The Adaptive Arts and Horticulture program is for those who are looking for a creative outlet. The programs run by Director Maggie Lowry and Assistant Director Jess Lee range from dance, art, music, and gardening throughout the year. Participants and their families are welcome to join in and make friends and connections while learning the arts in a safe environment. The music program is the newest addition coming this Summer. Aspiring artist participants get the potential to learn from guest artists in all kinds of crafts. Bozeman is full of beautiful greenery and vegetation. The Horticulture program gives the participants the knowledge and skills to be more connected to that nature through the Greenhouse on the Eagle Mount grounds. 

Recreation comes in all shapes and sizes, Eagle Mount is the place for people of all abilities to come together and discover friendships and talents through everything that Bozeman has to offer. The summer offers rock climbing, cycling, and adventures around Bozeman and Big Sky like kayaking and camping. During the Winter, participants can get out and go ice skating or hit the local ski slopes at Bridger Bowl and Big Sky, just like when Robert and Greta Mathis started Eagle Mount. The Adaptive Recreation Director, Patrick Quinn, is the “Chief Enthusiasm Officer” with his great love for the outdoors and willingness to bring educational and empowering activities to all the participants alongside Assistant Recreation Directors Colleen Smith and Beth Wilson. The Adaptive Recreation Coordinator, Luke Gladis, like the rest of the team, fell in love with nature and has a passion for storytelling and compelling others to connect with the community and nature around them. The Adaptive Recreation programs are an essential gateway for the disabled community and their families to connect with all of Bozeman.

Big Sky Kids offers Oncology camps for youth and their families going through cancer. The camps run by Big Sky Kids Director Lauren Grover center around the great activities found throughout the state and local community. The families and participants can unwind and enjoy outdoor recreation like whitewater rafting. Going through cancer and caring for loved ones can be tough, but the camps are a great way to get connected with others going through a similar journey and make memories that last a lifetime. The best thing is showing the families they aren’t alone.

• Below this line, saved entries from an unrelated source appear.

(* Let $w\in W^{\mathfrak p}$ and let $\mu$ be a labeling of the points of $P=\{-2n,\dots,-1,1,\dots,2n\}$ by symbols $\uparrow,\downarrow$ which is antisymmetric (the label at $-j$ is the opposite of the label at $j$ for all $j$) and has $\uparrow$ at every point $n+1,\dots,2n$. If every cup of $C(w)$ has one endpoint labeled $\uparrow$ and the other labeled $\downarrow$ by $\mu$, then the number of $j\in\{1,\dots,n\}$ with label $\uparrow$ is even.
   Context: Let $n\ge4$, $W$ the Weyl group of type $D_n$ with simple reflections $s_0,\dots,s_{n-1}$ ($s_0,s_1$ both joined to $s_2$, $s_i$ joined to $s_{i+1}$ for $i\ge2$), $W_{\mathfrak p}=\langle s_1,\dots,s_{n-1}\rangle$, $W^{\mathfrak p}$ the minimal length representatives of $W_{\mathfrak p}\backslash W$. For $w\in W^{\mathfrak p}$ let $(\alpha_1,\dots,\alpha_n)=(+,\dots,+)\cdot w$ for the right action on $\{+,-\}^n$ where $s_i$ ($i\ge1$) swaps entries $i,i+1$ and $s_0$ sends $(a_1,a_2,\dots)$ to $(-a_2,-a_1,\dots)$; set $\alpha_{-i}=-\alpha_i$. Label $P$ by $+$ at $j<-n$, $-$ at $j>n$, $\alpha_j$ at $1\le|j|\le n$. Let $M$ be the unique set of non-intersecting arcs in the lower half plane matching the points of $P$ in pairs, each arc joining a $+$ point to a $-$ point on its right. The arcs of $M$ joining a negative and a positive point are $(-y_1,y_1),\dots,(-y_{2k},y_{2k})$ with $y_1<\dots<y_{2k}$. The cup diagram $C(w)$ is obtained from $M$ by replacing, for each $j$, the arcs $(-y_{2j-1},y_{2j-1})$ and $(-y_{2j},y_{2j})$ by the two (linked) arcs joining $-y_{2j}$ to $y_{2j-1}$ and $-y_{2j-1}$ to $y_{2j}$; its arcs are called cups. *)

theory Defs
  imports Main
begin
lemma block_cases:
  assumes "c \<in> blocks r A"
  obtains (column) n where "c = {n} \<times> UNIV"
  | (product) X \<alpha> where "c = X \<times> below r \<alpha>" "lt r \<gamma> \<alpha> \<Longrightarrow> finite (X - A \<gamma>)"
      "\<alpha> = \<gamma> \<Longrightarrow> X = A \<gamma> \<or> cf_gt_omega r \<gamma>"
proof -
  consider n where "c = {n} \<times> UNIV" | \<alpha> where "c = A \<alpha> \<times> below r \<alpha>"
    | \<alpha> B where "c = B \<times> below r \<alpha>" "cf_gt_omega r \<alpha>" "pseudo_int B (A ` below r \<alpha>)"
    using assms unfolding blocks_def by blast
  then show thesis
  proof cases
    case 1
    then show ?thesis
      by (rule column)
  next
    case (2 \<alpha>)
    show ?thesis
    proof (rule product[OF 2])
      show "finite (A \<alpha> - A \<gamma>)" if "lt r \<gamma> \<alpha>"
        using that A_almost_antimono unfolding lt_def by blast
    qed simp
  next
    case (3 \<alpha> B)
    show ?thesis
    proof (rule product[OF 3(1)])
      show "finite (B - A \<gamma>)" if "lt r \<gamma> \<alpha>"
        using 3(3) that unfolding pseudo_int_def by blast
      show "B = A \<gamma> \<or> cf_gt_omega r \<gamma>" if "\<alpha> = \<gamma>"
        using 3(2) that by blast
    qed
  qed
qed

lemma escapes_blocksI:
  assumes "inj k" "\<And>m. k m \<notin> A \<gamma>"
    and eventually_above: "\<And>\<alpha>. lt r \<alpha> \<gamma> \<Longrightarrow> \<forall>\<^sub>F m in sequentially. (\<alpha>, h m) \<in> r"
    and above_if_cf: "\<And>m. cf_gt_omega r \<gamma> \<Longrightarrow> (\<gamma>, h m) \<in> r"
  shows "escapes_blocks r A (\<lambda>m. (k m, h m))"
  unfolding escapes_blocks_def
proof
  fix c assume "c \<in> blocks r A"
  then show "finite {m. (k m, h m) \<in> c}"
  proof (cases rule: block_cases[where \<gamma> = \<gamma>])
    case (column n)
    then have "{m. (k m, h m) \<in> c} = k -` {n}"
      by auto
    then show ?thesis
      using finite_vimageI[OF _ assms(1), of "{n}"] by simp
  next
    case (product X \<alpha>)
    have eq: "{m. (k m, h m) \<in> c} = {m. k m \<in> X \<and> lt r (h m) \<alpha>}"
      using product(1) by auto
    consider "lt r \<alpha> \<gamma>" | "\<alpha> = \<gamma>" | "lt r \<gamma> \<alpha>"
      using lt_trichotomy by blast
    then show ?thesis
    proof cases
      case 1
      have "finite {m. (\<alpha>, h m) \<notin> r}"
        using eventually_above[OF 1]
        unfolding cofinite_eq_sequentially[symmetric] eventually_cofinite .
      then show ?thesis
        unfolding eq by (rule rev_finite_subset) (auto simp flip: not_lt_iff_le)
    next
      case 2
      then have empty: "{m. k m \<in> X \<and> lt r (h m) \<alpha>} = {}"
        using product(3) assms(2) above_if_cf not_lt_iff_le by blast
      show ?thesis
        unfolding eq empty by simp
    next
      case 3
      have "finite (k -` (X - A \<gamma>))"
        using finite_vimageI[OF product(2)[OF 3] assms(1)] .
      then show ?thesis
        unfolding eq by (rule rev_finite_subset) (use assms(2) in auto)
    qed
  qed
qed

lemma has_escaping_seqI:
  assumes infinite: "\<And>m. infinite {k. k \<notin> A \<gamma> \<and> (\<exists>h. (k, h) \<in> R m)}"
    and "\<And>m. R m \<subseteq> P"
    and "\<And>\<alpha>. lt r \<alpha> \<gamma> \<Longrightarrow> \<forall>\<^sub>F m in sequentially. R m \<subseteq> UNIV \<times> {h. (\<alpha>, h) \<in> r}"
    and "\<And>m. cf_gt_omega r \<gamma> \<Longrightarrow> R m \<subseteq> UNIV \<times> {h. (\<gamma>, h) \<in> r}"
  shows "has_escaping_seq r A P"
proof -
  obtain k where k: "strict_mono k" "\<And>m. k m \<in> {k. k \<notin> A \<gamma> \<and> (\<exists>h. (k, h) \<in> R m)}"
    using strict_mono_choice[of "\<lambda>m. {k. k \<notin> A \<gamma> \<and> (\<exists>h. (k, h) \<in> R m)}", OF infinite]
    by blast
  then have "\<forall>m. \<exists>h. (k m, h) \<in> R m"
    by blast
  then obtain h where h: "\<And>m. (k m, h m) \<in> R m"
    by metis
  have "escapes_blocks r A (\<lambda>m. (k m, h m))"
  proof (rule escapes_blocksI)
    show "inj k"
      using k(1) strict_mono_imp_inj_on by blast
    show "k m \<notin> A \<gamma>" for m
      using k(2)[of m] by blast
    show "\<forall>\<^sub>F m in sequentially. (\<alpha>, h m) \<in> r" if "lt r \<alpha> \<gamma>" for \<alpha>
      using assms(3)[OF that] by (rule eventually_mono) (use h in blast)
    show "(\<gamma>, h m) \<in> r" if "cf_gt_omega r \<gamma>" for m
      using assms(4)[OF that] h by blast
  qed
  moreover have "range (\<lambda>m. (k m, h m)) \<subseteq> P"
    using h assms(2) by blast
  ultimately show ?thesis
    unfolding has_escaping_seq_def by blast
qed

lemma has_escaping_seq_above:
  assumes "infinite {k. k \<notin> A \<beta> \<and> (\<exists>h. (k, h) \<in> P \<and> (\<beta>, h) \<in> r)}"
  shows "has_escaping_seq r A P"
proof (rule has_escaping_seqI[where \<gamma> = \<beta> and R = "\<lambda>_. P \<inter> UNIV \<times> {h. (\<beta>, h) \<in> r}"])
  show "infinite {k. k \<notin> A \<beta> \<and> (\<exists>h. (k, h) \<in> P \<inter> UNIV \<times> {h. (\<beta>, h) \<in> r})}"
    using assms by simp
  have "P \<inter> UNIV \<times> {h. (\<beta>, h) \<in> r} \<subseteq> UNIV \<times> {h. (\<alpha>, h) \<in> r}" if "lt r \<alpha> \<beta>" for \<alpha>
    using that le_trans unfolding lt_def by blast
  then show "\<forall>\<^sub>F m in sequentially. P \<inter> UNIV \<times> {h. (\<beta>, h) \<in> r} \<subseteq> UNIV \<times> {h. (\<alpha>, h) \<in> r}"
    if "lt r \<alpha> \<beta>" for \<alpha>
    using that by simp
qed auto

lemma split_without_escaping_seq:
  assumes bounded: "\<And>C. C \<subseteq> G \<Longrightarrow> countable C \<Longrightarrow> \<exists>\<delta>\<in>G. \<forall>\<gamma>\<in>C. lt r \<gamma> \<delta>"
    and "\<not> has_escaping_seq r A P"
  obtains U \<delta> where "\<delta> \<in> G" "\<And>\<beta>. \<beta> \<in> G \<Longrightarrow> finite (U - A \<beta>)"
    "P \<subseteq> U \<times> UNIV \<union> UNIV \<times> below r \<delta>"
proof -
  define U where "U = {k. \<forall>\<alpha>\<in>G. \<exists>h. (k, h) \<in> P \<and> (\<alpha>, h) \<in> r}"
  have "finite (U - A \<beta>)" if "\<beta> \<in> G" for \<beta>
  proof (rule finite_subset)
    show "U - A \<beta> \<subseteq> {k. k \<notin> A \<beta> \<and> (\<exists>h. (k, h) \<in> P \<and> (\<beta>, h) \<in> r)}"
      using that unfolding U_def by blast
    show "finite {k. k \<notin> A \<beta> \<and> (\<exists>h. (k, h) \<in> P \<and> (\<beta>, h) \<in> r)}"
      using has_escaping_seq_above assms(2) by blast
  qed
  moreover have "\<exists>\<alpha>\<in>G. \<forall>h. (k, h) \<in> P \<longrightarrow> lt r h \<alpha>" if "k \<notin> U" for k
    using that unfolding U_def by (auto simp flip: not_lt_iff_le)
  then obtain a where a: "\<And>k. k \<notin> U \<Longrightarrow> a k \<in> G \<and> (\<forall>h. (k, h) \<in> P \<longrightarrow> lt r h (a k))"
    by metis
  moreover obtain \<delta> where "\<delta> \<in> G" "\<forall>\<gamma>\<in>a ` (- U). lt r \<gamma> \<delta>"
    using bounded[of "a ` (- U)"] a by auto
  moreover have "P \<subseteq> U \<times> UNIV \<union> UNIV \<times> below r \<delta>"
  proof
    fix x assume "x \<in> P"
    then obtain k h where x: "x = (k, h)" "(k, h) \<in> P"
      by (cases x) auto
    show "x \<in> U \<times> UNIV \<union> UNIV \<times> below r \<delta>"
    proof (cases "k \<in> U")
      case False
      then have "lt r h (a k)" "lt r (a k) \<delta>"
        using a x(2) \<open>\<forall>\<gamma>\<in>a ` (- U). lt r \<gamma> \<delta>\<close> by auto
      then show ?thesis
        using x(1) lt_trans by blast
    qed (use x in auto)
  qed
  ultimately show thesis
    using that by blast
qed

lemma not_finitely_blocked_below:
  assumes "\<not> finitely_blocked r A P" "\<not> has_escaping_seq r A P"
  shows "\<exists>\<alpha>. \<not> finitely_blocked r A (P \<inter> UNIV \<times> below r \<alpha>)"
proof -
  have bounded: "\<exists>\<delta>\<in>UNIV. \<forall>\<gamma>\<in>C. lt r \<gamma> \<delta>" if "C \<subseteq> UNIV" "countable C" for C
    using countable_bounded[OF that(2)] by blast
  obtain U \<alpha> where U: "\<And>\<beta>. finite (U - A \<beta>)"
    and P: "P \<subseteq> U \<times> UNIV \<union> UNIV \<times> below r \<alpha>"
    using split_without_escaping_seq[OF bounded assms(2)] by (metis UNIV_I)
  have "finite U"
    using tower U unfolding tower_def pseudo_int_def by blast
  then have "finitely_blocked r A (U \<times> UNIV)"
    by (rule finitely_blocked_columns)
  moreover have "P \<subseteq> U \<times> UNIV \<union> (P \<inter> UNIV \<times> below r \<alpha>)"
    using P by blast
  ultimately show ?thesis
    using assms(1) finitely_blocked_Un finitely_blocked_subset by blast
qed
(* Let $\alpha\in(0,1)$ and for $\rho\ge0$ and real $\chi\notin\pi\mathbb{Z}$ let $$I_\alpha(\rho,\chi)=\int_{-\infty}^{+\infty}dy\,e^{i\rho\cosh y}\,\frac{e^{-y\alpha}}{1-e^{-2y-2i\chi}} .$$ Then there is a constant $C$ such that $|I_\alpha(\rho,\chi)|\le C$, and for every $0\le\epsilon<\min(\alpha,1-\alpha)$ there is a constant $C(\epsilon)$ such that $$|I_\alpha(\rho,\chi)-I_\alpha(0,\chi)|\le C(\epsilon)\,\rho^{\epsilon},$$ both estimates holding uniformly in $\rho$ and $\chi$. *)

theory Defs
  imports "HOL-Analysis.Analysis"
begin

definition I_alpha :: "real \<Rightarrow> real \<Rightarrow> real \<Rightarrow> complex" where
  "I_alpha a rho chi =
     (LINT y|lborel. exp (\<i> * complex_of_real (rho * cosh y)) * complex_of_real (exp (- y * a))
        / (1 - exp (complex_of_real (-2 * y) - 2 * \<i> * complex_of_real chi)))"

end

theory Submission
  imports Defs "HOL-Probability.Sinc_Integral" "HOL-Probability.Characteristic_Functions"
begin

text \<open>With z = exp(-2 i chi), a point of the unit circle other than 1, and
  f(y) = exp(-a y) / (1 - exp(-2 y) z), both I_alpha(rho, chi) and I_alpha(rho, chi) - I_alpha(0, chi)
  are integrals of k f for an even factor k, namely exp(i rho cosh y) and exp(i rho cosh y) - 1,
  bounded by M exp(eps |y|) with M = 1, eps = 0, resp. M = 2 rho^eps (as |exp(i x) - 1| <= min 2 x).
  For even k, f may be replaced by (f(y) + f(-y)) / 2. Each of f(y), f(-y) blows up like
  1 / |1 - z| as z tends to 1, but with d = |1 - z| their sum is bounded by a multiple of
  1 + d / (y^2 + d^2) on [-1, 1] and by 4 exp(-a |y|) outside, and the Poisson kernel
  d / (y^2 + d^2) has integral at most pi whatever d is. Hence |integral k f| <= M C(a, eps)
  uniformly in chi, as long as eps < a.\<close>

definition I_alpha_kernel :: "real \<Rightarrow> complex \<Rightarrow> real \<Rightarrow> complex" where
  "I_alpha_kernel a z y = complex_of_real (exp (- y * a)) / (1 - complex_of_real (exp (-2 * y)) * z)"
(* Let $n\ge1$, $s\in(0,1)$. There exist $\gamma\in(0,1)$ and $C>0$, both independent of $u$, such that for every $r\in(0,1]$ and every measurable $u$ on $B_r$ with $e^u\in L^2(B_r)$, the functions $$\overline{v}(x,t):=C(n,s)\int_{B_r}\frac{e^{u(y)}}{(|x-y|^2+t^2)^{\frac{n-2s}{2}}}dy,\qquad v(x):=\overline{v}(x,0),$$ satisfy $$\|t^{\frac{1-2s}{2}}\overline{v}\|_{L^2(D_r)}+\|v\|_{L^2(B_r)}\leq C\|e^u\|_{L^1(B_r)}^{\gamma}\|e^u\|_{L^2(B_r)}^{1-\gamma}.$$
   Context: $C(n,s)>0$ is a fixed constant depending only on $n,s$ (chosen so that $-\lim_{t\to0}t^{1-2s}\partial_t\overline v=\kappa_se^u$ on $B_r$, $\kappa_s=\frac{\Gamma(1-s)}{2^{2s-1}\Gamma(s)}$). $B_r$ is the ball of radius $r$ centered at $0$ in $\mathbb{R}^n$, $D_r=B^{n+1}_r(0)\cap(\mathbb{R}^n\times[0,\infty))$ with $B^{n+1}_r(0)$ the ball in $\mathbb{R}^{n+1}$; points of $\mathbb{R}^{n+1}_+$ are written $(x,t)$. *)

theory Defs
  imports "HOL-Analysis.Analysis"
begin

definition vbar :: "real \<Rightarrow> real \<Rightarrow> real \<Rightarrow> ('a::euclidean_space \<Rightarrow> real) \<Rightarrow> 'a \<times> real \<Rightarrow> ennreal" where
  "vbar c s r u p = ennreal c * (\<integral>\<^sup>+ y \<in> ball 0 r.
      ennreal (exp (u y) / ((norm (fst p - y))\<^sup>2 + (snd p)\<^sup>2) powr ((real DIM('a) - 2 * s) / 2)) \<partial>lborel)"

definition half_ball :: "real \<Rightarrow> ('a::euclidean_space \<times> real) set" where
  "half_ball r = {p. p \<in> ball 0 r \<and> snd p \<ge> 0}"
text \<open>Ky Fan's maximum principle writes \<open>ky_fan r A\<close> as a linear functional of \<open>A\<close> that is
  dominated by \<open>ky_fan r\<close> everywhere; integrate that functional.\<close>
lemma ky_fan_has_integral_le:
  fixes g :: "'a::euclidean_space \<Rightarrow> complex^'n^'m"
  assumes g: "(g has_integral A) S" and int: "(\<lambda>t. ky_fan r (g t)) integrable_on S"
    and r: "r \<le> min CARD('m) CARD('n)"
  shows "ky_fan r A \<le> integral S (\<lambda>t. ky_fan r (g t))"
proof -
  obtain u v where u: "suborthonormal r u" and v: "suborthonormal r v"
    and A: "Re (\<Sum>j<r. cinner (u j) (A *v v j)) = ky_fan r A"
    using ky_fan_attained[OF r] by blast
  define L where "L = (\<lambda>X::complex^'n^'m. Re (\<Sum>j<r. cinner (u j) (X *v v j)))"
  have "bounded_linear L"
    unfolding L_def by (rule bounded_linear_Re_sum_cinner)
  then have "((L \<circ> g) has_integral L A) S"
    by (rule has_integral_linear[OF g])
  moreover have "L (g t) \<le> ky_fan r (g t)" for t
    unfolding L_def by (rule ky_fan_upper[OF u v r])
  ultimately have "L A \<le> integral S (\<lambda>t. ky_fan r (g t))"
    using int by (intro has_integral_le[OF _ integrable_integral]) auto
  then show ?thesis
    using A by (simp add: L_def)
qed

lemma sum_take_singvals_has_integral_le:
  fixes g :: "'a::euclidean_space \<Rightarrow> complex^'n^'m"
  assumes g: "(g has_integral A) S"
    and int: "\<And>k. k < r \<Longrightarrow> (\<lambda>t. singvals (g t) ! k) integrable_on S"
    and r: "r \<le> min CARD('m) CARD('n)"
  shows "sum_list (take r (singvals A)) \<le> (\<Sum>k<r. integral S (\<lambda>t. singvals (g t) ! k))"
proof -
  have "sum_list (take r (singvals A)) \<le> integral S (\<lambda>t. ky_fan r (g t))"
    unfolding ky_fan_def[symmetric] using int r
    by (intro ky_fan_has_integral_le[OF g]) (auto simp: ky_fan_eq_sum[OF r] intro!: integrable_sum)
  also have "\<dots> = (\<Sum>k<r. integral S (\<lambda>t. singvals (g t) ! k))"
    using int by (simp only: ky_fan_eq_sum[OF r]) (intro integral_sum, auto)
  finally show ?thesis .
qed

section \<open>Weak majorization\<close>

lemma weak_majorizedI_sorted:
  assumes "length x = length y" "sorted (rev x)" "sorted (rev y)"
    and "\<And>r. r \<le> length x \<Longrightarrow> sum_list (take r x) \<le> sum_list (take r y)"
  shows "x \<prec>\<^sub>w y"
proof -
  have "rev (sort xs) = xs" if "sorted (rev xs)" for xs :: "real list"
    using properties_for_sort[of "rev xs" xs] that by simp
  then show ?thesis
    using assms by (simp add: weak_majorized_def)
qed

lemma sorted_rev_map_integral:
  assumes "\<And>k. k < p \<Longrightarrow> f k integrable_on S"
    and "\<And>i j t. i \<le> j \<Longrightarrow> j < p \<Longrightarrow> f j t \<le> (f i t :: real)"
  shows "sorted (rev (map (\<lambda>k. integral S (f k)) [0..<p]))"
  unfolding sorted_rev_iff_nth_mono using assms by (auto intro!: integral_le)

lemma smooth_on_01_derivative_continuous:
  fixes \<gamma> \<gamma>' :: "real \<Rightarrow> 'a::real_normed_vector"
  assumes "smooth_on_01 \<gamma>"
    and \<gamma>': "\<And>t. t \<in> {0..1} \<Longrightarrow> (\<gamma> has_vector_derivative \<gamma>' t) (at t within {0..1})"
  shows "continuous_on {0..1} \<gamma>'"
proof -
  obtain f where f0: "f 0 = \<gamma>"
    and f: "\<forall>k. \<forall>t\<in>{0..1}. (f k has_vector_derivative f (Suc k) t) (at t within {0..1::real})"
    using assms(1) unfolding smooth_on_01_def by blast
  have "\<gamma>' t = f 1 t" if "t \<in> {0..1}" for t
    using vector_derivative_unique_within[OF _ \<gamma>'[OF that]] f f0 that
    by (force simp: trivial_limit_within islimpt_Icc)
  moreover have "continuous_on {0..1} (f 1)"
    using f by (auto simp: continuous_on_eq_continuous_within
        intro!: differentiable_imp_continuous_within differentiableI_vector)
  ultimately show ?thesis
    by (metis continuous_on_cong)
qed

theorem proposition4p1:
  fixes \<gamma> \<gamma>' :: "real \<Rightarrow> complex^'n^'m" and C D :: "complex^'n^'m"
  assumes "smooth_on_01 \<gamma>"
    and "\<And>t. t \<in> {0..1} \<Longrightarrow> (\<gamma> has_vector_derivative \<gamma>' t) (at t within {0..1})"
    and "\<gamma> 0 = C" and "\<gamma> 1 = D"
  shows "singvals (D - C) \<prec>\<^sub>w
    map (\<lambda>k. integral {0..1} (\<lambda>t. singvals (\<gamma>' t) ! k)) [0..<min CARD('m) CARD('n)]"
proof (rule weak_majorizedI_sorted)
  let ?p = "min CARD('m) CARD('n)"
  have "continuous_on {0..1} \<gamma>'"
    using smooth_on_01_derivative_continuous assms(1,2) .
  then have int: "(\<lambda>t. singvals (\<gamma>' t) ! k) integrable_on {0..1}" if "k < ?p" for k
    using that by (intro integrable_continuous_real continuous_on_compose2[OF continuous_on_singvals_nth]) auto
  show "sorted (rev (map (\<lambda>k. integral {0..1} (\<lambda>t. singvals (\<gamma>' t) ! k)) [0..<?p]))"
    using int sorted_rev_nth_mono[OF sorted_rev_singvals]
    by (intro sorted_rev_map_integral) (auto simp: length_singvals)
  fix r assume "r \<le> length (singvals (D - C))"
  then have r: "r \<le> ?p"
    by (simp add: length_singvals)
  have "(\<gamma>' has_integral D - C) {0..1}"
    using fundamental_theorem_of_calculus[of 0 1 \<gamma> \<gamma>'] assms by simp
  then show "sum_list (take r (singvals (D - C)))
      \<le> sum_list (take r (map (\<lambda>k. integral {0..1} (\<lambda>t. singvals (\<gamma>' t) ! k)) [0..<?p]))"
    unfolding sum_list_take_map_upt[OF r] using int r by (intro sum_take_singvals_has_integral_le) auto
qed (simp_all add: length_singvals sorted_rev_singvals)

end
(* Let $n\ge3$, $0\le\alpha\le1$ and $m:=\lfloor n^\alpha\rfloor$. Then \[ \mathbf E\bigl(\hat L_n^{\alpha,1}\bigr)=2\,\frac{n-m}{n-1} \] and \[ \mathbf{Var}\bigl(\hat L_n^{\alpha,1}\bigr)=\frac{8(h_{n-1}-h_{m-1})(n+2m-2)}{(n-1)(n-2)}-\frac{4(n-m)(4n+m-5)}{(n-1)^2(n-2)}. \] In particular (case $\alpha=0$), $\mathbf E(L_n)=2$ and $\mathbf{Var}(L_n)=\frac{8nh_n-16n+8}{(n-1)(n-2)}$.
   Context: Kingman's $n$-coalescent ($n\ge 2$) consists of coalescent times $T_1>T_2>\cdots>T_n=0$ such that $\binom{k}{2}(T_{k-1}-T_k)$, $k=2,\dots,n$, are independent exponential random variables with mean $1$, together with an independent sequence of partitions $\pi_1=\{\{1,\dots,n\}\},\pi_2,\dots,\pi_n=\{\{1\},\dots,\{n\}\}$ of $\{1,\dots,n\}$, where $\pi_k$ has $k$ blocks and $\pi_{k-1}$ is obtained from $\pi_k$ by merging two blocks of $\pi_k$ chosen uniformly at random (independently of the past). For a leaf $i$ let $\rho(i):=\max\{k\ge1:\{i\}\notin\pi_k\}$, and $L_n:=\sum_{i=1}^nT_{\rho(i)}$. For $0\le\alpha<\beta\le1$ define $\hat L_n^{\alpha,\beta}:=\sum_{i=1}^n\bigl(T_{\rho(i)}\wedge T_{\lfloor n^\alpha\rfloor}-T_{\rho(i)}\wedge T_{\lfloor n^\beta\rfloor}\bigr)$ (the portion of the external length between levels $\lfloor n^\alpha\rfloor$ and $\lfloor n^\beta\rfloor$); note $\hat L_n^{0,1}=L_n$. Here $h_j:=1+\frac12+\cdots+\frac1j$ is the $j$-th harmonic number, with $h_0:=0$. *)

theory Defs
  imports "HOL-Probability.Probability"
begin

definition Exp1 :: "real measure" where
  "Exp1 = density lborel (\<lambda>x. ennreal (exponential_density 1 x))"

definition merge_step :: "nat set set \<Rightarrow> nat set set pmf" where
  "merge_step P = map_pmf (\<lambda>D. (P - D) \<union> {\<Union>D}) (pmf_of_set {D. D \<subseteq> P \<and> card D = 2})"

fun chain_from :: "nat \<Rightarrow> nat set set \<Rightarrow> nat set set list pmf" where
  "chain_from 0 P = return_pmf [P]"
| "chain_from (Suc j) P = bind_pmf (merge_step P) (\<lambda>Q. map_pmf (Cons P) (chain_from j Q))"

definition singletons :: "nat \<Rightarrow> nat set set" where
  "singletons n = {{i} | i. i \<in> {1..n}}"

text \<open>Sample space: (W, Ps) where W k (k = 2..n) are the iid Exp(1) variables
  binom(k,2)(T_{k-1} - T_k), and Ps = [pi_n, pi_{n-1}, ..., pi_1] is the
  partition chain, independent of W.\<close>
definition coalescent :: "nat \<Rightarrow> ((nat \<Rightarrow> real) \<times> nat set set list) measure" where
  "coalescent n = (PiM {2..n} (\<lambda>_. Exp1)) \<Otimes>\<^sub>M measure_pmf (chain_from (n - 1) (singletons n))"

definition coal_T :: "nat \<Rightarrow> (nat \<Rightarrow> real) \<Rightarrow> nat \<Rightarrow> real" where
  "coal_T n W k = (\<Sum>j\<in>{k+1..n}. W j / real (j choose 2))"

Robert and Greta Mathis have since passed, but the staff at Eagle Mount continues to humbly honor their great impact to the local community with passion for the mission. The 40th Anniversary presents a new year full of programs, both old and new, that would make the founders proud. The staff and volunteers are truly an inspiration, giving wings to participants and their families. Bozeman is lucky to be called home to this incredible organization. There is no better way to bring joy to the disabled community and those going through cancer than to get involved with Eagle Mount.